**Action item**
Please copy, exactly as they appear below, the lines from the one containing "using assms by (simp add: mult.commute)" through the one containing "assms(1,3) by auto".

**Collected data entries**
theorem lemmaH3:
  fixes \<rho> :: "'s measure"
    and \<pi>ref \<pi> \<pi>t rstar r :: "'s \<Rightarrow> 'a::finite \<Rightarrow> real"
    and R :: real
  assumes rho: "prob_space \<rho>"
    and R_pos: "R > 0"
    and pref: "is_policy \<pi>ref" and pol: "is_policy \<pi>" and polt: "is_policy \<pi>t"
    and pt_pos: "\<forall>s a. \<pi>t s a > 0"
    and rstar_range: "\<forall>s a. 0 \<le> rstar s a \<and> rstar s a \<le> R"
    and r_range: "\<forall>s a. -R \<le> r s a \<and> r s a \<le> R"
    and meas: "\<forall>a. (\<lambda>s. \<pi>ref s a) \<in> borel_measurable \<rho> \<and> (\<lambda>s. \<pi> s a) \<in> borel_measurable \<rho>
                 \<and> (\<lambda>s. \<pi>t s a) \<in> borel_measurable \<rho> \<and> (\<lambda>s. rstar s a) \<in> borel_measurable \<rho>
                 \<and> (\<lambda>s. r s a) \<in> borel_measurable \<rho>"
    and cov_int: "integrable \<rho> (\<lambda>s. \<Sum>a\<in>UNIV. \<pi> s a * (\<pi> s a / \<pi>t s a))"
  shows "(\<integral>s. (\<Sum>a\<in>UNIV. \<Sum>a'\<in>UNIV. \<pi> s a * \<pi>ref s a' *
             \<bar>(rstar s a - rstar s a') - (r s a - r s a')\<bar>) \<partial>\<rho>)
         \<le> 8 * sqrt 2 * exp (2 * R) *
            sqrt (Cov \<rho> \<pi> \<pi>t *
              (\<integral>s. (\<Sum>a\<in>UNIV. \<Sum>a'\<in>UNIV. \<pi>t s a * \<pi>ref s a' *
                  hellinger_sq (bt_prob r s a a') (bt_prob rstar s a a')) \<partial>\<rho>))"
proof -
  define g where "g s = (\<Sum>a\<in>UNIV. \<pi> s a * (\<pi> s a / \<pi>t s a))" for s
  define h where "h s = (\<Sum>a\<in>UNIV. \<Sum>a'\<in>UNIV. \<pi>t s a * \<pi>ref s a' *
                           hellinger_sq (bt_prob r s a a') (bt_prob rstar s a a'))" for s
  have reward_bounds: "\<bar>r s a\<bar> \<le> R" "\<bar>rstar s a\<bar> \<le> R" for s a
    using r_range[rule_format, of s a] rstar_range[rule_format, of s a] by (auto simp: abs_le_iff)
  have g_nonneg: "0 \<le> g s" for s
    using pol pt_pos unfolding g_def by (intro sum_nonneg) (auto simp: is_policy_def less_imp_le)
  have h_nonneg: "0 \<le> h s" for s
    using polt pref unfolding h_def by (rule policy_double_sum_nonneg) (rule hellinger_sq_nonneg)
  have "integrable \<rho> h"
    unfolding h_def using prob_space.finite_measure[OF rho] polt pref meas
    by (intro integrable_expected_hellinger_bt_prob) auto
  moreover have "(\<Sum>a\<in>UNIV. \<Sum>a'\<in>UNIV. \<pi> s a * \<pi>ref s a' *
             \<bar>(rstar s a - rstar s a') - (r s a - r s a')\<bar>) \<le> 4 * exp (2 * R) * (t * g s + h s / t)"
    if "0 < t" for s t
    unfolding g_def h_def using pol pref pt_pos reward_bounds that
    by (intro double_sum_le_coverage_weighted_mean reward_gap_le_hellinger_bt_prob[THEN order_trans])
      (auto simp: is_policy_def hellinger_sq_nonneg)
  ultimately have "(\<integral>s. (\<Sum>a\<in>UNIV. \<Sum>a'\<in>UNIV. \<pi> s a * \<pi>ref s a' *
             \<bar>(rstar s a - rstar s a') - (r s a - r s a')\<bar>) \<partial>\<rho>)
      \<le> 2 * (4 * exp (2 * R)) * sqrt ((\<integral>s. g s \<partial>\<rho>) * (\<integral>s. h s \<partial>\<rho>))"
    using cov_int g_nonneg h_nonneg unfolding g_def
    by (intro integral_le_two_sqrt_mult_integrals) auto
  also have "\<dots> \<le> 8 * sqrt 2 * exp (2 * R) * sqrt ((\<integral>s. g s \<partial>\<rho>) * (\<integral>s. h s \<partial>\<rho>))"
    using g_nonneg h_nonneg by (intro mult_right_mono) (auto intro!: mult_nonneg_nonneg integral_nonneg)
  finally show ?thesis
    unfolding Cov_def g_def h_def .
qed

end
...
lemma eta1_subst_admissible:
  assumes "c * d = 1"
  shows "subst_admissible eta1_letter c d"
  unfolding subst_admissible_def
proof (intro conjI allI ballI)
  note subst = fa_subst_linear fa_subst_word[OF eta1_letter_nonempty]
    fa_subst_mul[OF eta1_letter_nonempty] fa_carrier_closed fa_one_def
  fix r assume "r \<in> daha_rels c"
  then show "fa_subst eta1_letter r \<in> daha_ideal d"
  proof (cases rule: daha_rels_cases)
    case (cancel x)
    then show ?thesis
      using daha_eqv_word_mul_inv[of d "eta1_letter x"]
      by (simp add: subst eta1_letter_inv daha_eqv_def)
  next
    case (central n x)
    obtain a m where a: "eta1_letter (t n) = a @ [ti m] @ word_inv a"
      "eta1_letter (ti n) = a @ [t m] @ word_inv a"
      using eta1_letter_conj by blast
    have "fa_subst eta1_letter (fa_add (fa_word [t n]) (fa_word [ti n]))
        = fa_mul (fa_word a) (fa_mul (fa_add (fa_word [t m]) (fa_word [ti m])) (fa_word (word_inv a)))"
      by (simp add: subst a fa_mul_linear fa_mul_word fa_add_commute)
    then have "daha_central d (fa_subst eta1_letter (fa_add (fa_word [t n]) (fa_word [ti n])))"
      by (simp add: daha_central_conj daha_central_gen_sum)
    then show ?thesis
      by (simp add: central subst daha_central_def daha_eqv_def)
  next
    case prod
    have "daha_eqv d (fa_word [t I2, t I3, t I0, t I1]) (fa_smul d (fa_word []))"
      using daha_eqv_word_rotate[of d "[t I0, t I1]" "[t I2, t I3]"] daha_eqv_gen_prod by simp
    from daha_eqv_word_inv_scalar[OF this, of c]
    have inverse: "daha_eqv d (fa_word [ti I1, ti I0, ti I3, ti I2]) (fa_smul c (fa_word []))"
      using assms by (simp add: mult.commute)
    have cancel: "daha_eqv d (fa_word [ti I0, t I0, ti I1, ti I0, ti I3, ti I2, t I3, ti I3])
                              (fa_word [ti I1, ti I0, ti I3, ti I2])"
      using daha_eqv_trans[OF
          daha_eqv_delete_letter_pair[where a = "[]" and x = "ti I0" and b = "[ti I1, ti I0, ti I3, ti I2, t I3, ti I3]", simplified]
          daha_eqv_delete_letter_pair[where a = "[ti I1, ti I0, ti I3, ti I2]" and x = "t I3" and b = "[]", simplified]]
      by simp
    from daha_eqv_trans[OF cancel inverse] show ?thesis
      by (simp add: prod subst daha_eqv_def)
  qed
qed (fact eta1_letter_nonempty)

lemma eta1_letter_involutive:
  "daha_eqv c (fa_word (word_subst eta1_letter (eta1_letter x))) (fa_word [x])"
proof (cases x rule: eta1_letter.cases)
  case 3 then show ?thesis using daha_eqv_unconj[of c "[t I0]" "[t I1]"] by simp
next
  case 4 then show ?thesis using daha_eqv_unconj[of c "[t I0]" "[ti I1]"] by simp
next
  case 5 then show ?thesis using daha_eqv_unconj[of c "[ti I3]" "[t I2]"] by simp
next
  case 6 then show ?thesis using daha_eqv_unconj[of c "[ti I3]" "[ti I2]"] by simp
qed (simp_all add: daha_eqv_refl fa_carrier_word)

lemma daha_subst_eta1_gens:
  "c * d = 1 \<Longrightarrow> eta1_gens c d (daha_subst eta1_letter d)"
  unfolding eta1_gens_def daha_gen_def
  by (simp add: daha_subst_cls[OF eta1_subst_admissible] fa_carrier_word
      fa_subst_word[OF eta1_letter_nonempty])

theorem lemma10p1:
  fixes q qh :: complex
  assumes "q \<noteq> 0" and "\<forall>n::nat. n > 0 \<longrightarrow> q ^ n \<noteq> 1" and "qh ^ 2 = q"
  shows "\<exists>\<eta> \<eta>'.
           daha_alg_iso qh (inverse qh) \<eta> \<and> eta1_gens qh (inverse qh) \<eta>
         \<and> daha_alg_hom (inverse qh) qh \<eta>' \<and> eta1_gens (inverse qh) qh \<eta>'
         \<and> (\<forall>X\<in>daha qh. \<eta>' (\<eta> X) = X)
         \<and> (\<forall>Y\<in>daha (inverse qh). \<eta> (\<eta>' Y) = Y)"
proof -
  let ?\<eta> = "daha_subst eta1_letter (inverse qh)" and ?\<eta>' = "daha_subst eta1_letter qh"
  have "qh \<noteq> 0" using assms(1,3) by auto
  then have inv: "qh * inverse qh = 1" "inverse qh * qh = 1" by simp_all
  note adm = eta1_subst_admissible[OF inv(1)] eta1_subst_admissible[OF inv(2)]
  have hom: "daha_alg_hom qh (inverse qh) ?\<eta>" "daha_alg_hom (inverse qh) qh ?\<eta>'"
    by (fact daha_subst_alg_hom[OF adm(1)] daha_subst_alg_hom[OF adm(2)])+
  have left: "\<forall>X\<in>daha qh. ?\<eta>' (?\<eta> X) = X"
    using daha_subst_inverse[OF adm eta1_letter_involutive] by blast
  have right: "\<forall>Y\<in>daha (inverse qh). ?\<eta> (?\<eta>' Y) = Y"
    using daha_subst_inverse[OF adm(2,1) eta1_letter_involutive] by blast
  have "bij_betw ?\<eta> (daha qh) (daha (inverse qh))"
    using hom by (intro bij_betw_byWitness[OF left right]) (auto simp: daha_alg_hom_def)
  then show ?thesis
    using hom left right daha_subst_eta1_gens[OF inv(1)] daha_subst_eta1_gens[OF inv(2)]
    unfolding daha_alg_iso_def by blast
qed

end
* * *
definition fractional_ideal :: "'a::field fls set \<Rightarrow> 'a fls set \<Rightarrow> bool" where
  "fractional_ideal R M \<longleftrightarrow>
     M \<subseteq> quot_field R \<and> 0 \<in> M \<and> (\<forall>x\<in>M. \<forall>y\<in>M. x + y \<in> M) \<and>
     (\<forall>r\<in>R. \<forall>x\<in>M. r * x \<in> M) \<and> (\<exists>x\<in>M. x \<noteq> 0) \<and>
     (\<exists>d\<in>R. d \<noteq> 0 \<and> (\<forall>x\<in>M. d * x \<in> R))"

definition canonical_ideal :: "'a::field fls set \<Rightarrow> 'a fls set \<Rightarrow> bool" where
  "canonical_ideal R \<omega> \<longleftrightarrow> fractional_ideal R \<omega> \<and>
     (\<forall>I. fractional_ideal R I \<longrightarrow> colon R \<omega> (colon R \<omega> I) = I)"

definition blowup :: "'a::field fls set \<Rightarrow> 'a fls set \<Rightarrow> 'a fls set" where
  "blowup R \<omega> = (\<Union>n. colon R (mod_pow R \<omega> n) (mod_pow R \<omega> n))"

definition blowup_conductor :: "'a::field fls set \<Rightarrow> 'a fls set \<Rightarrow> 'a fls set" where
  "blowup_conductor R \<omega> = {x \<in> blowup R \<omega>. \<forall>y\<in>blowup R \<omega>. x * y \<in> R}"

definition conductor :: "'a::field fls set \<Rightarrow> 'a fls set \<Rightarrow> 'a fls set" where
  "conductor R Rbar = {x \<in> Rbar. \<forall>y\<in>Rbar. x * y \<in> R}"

**Task output**
      using assms by (simp add: mult.commute)
    have cancel: "daha_eqv d (fa_word [ti I0, t I0, ti I1, ti I0, ti I3, ti I2, t I3, ti I3])
                              (fa_word [ti I1, ti I0, ti I3, ti I2])"
      using daha_eqv_trans[OF
          daha_eqv_delete_letter_pair[where a = "[]" and x = "ti I0" and b = "[ti I1, ti I0, ti I3, ti I2, t I3, ti I3]", simplified]
          daha_eqv_delete_letter_pair[where a = "[ti I1, ti I0, ti I3, ti I2]" and x = "t I3" and b = "[]", simplified]]
      by simp
    from daha_eqv_trans[OF cancel inverse] show ?thesis
      by (simp add: prod subst daha_eqv_def)
  qed
qed (fact eta1_letter_nonempty)

lemma eta1_letter_involutive:
  "daha_eqv c (fa_word (word_subst eta1_letter (eta1_letter x))) (fa_word [x])"
proof (cases x rule: eta1_letter.cases)
  case 3 then show ?thesis using daha_eqv_unconj[of c "[t I0]" "[t I1]"] by simp
next
  case 4 then show ?thesis using daha_eqv_unconj[of c "[t I0]" "[ti I1]"] by simp
next
  case 5 then show ?thesis using daha_eqv_unconj[of c "[ti I3]" "[t I2]"] by simp
next
  case 6 then show ?thesis using daha_eqv_unconj[of c "[ti I3]" "[ti I2]"] by simp
qed (simp_all add: daha_eqv_refl fa_carrier_word)

lemma daha_subst_eta1_gens:
  "c * d = 1 \<Longrightarrow> eta1_gens c d (daha_subst eta1_letter d)"
  unfolding eta1_gens_def daha_gen_def
  by (simp add: daha_subst_cls[OF eta1_subst_admissible] fa_carrier_word
      fa_subst_word[OF eta1_letter_nonempty])

theorem lemma10p1:
  fixes q qh :: complex
  assumes "q \<noteq> 0" and "\<forall>n::nat. n > 0 \<longrightarrow> q ^ n \<noteq> 1" and "qh ^ 2 = q"
  shows "\<exists>\<eta> \<eta>'.
           daha_alg_iso qh (inverse qh) \<eta> \<and> eta1_gens qh (inverse qh) \<eta>
         \<and> daha_alg_hom (inverse qh) qh \<eta>' \<and> eta1_gens (inverse qh) qh \<eta>'
         \<and> (\<forall>X\<in>daha qh. \<eta>' (\<eta> X) = X)
         \<and> (\<forall>Y\<in>daha (inverse qh). \<eta> (\<eta>' Y) = Y)"
proof -
  let ?\<eta> = "daha_subst eta1_letter (inverse qh)" and ?\<eta>' = "daha_subst eta1_letter qh"
  have "qh \<noteq> 0" using assms(1,3) by auto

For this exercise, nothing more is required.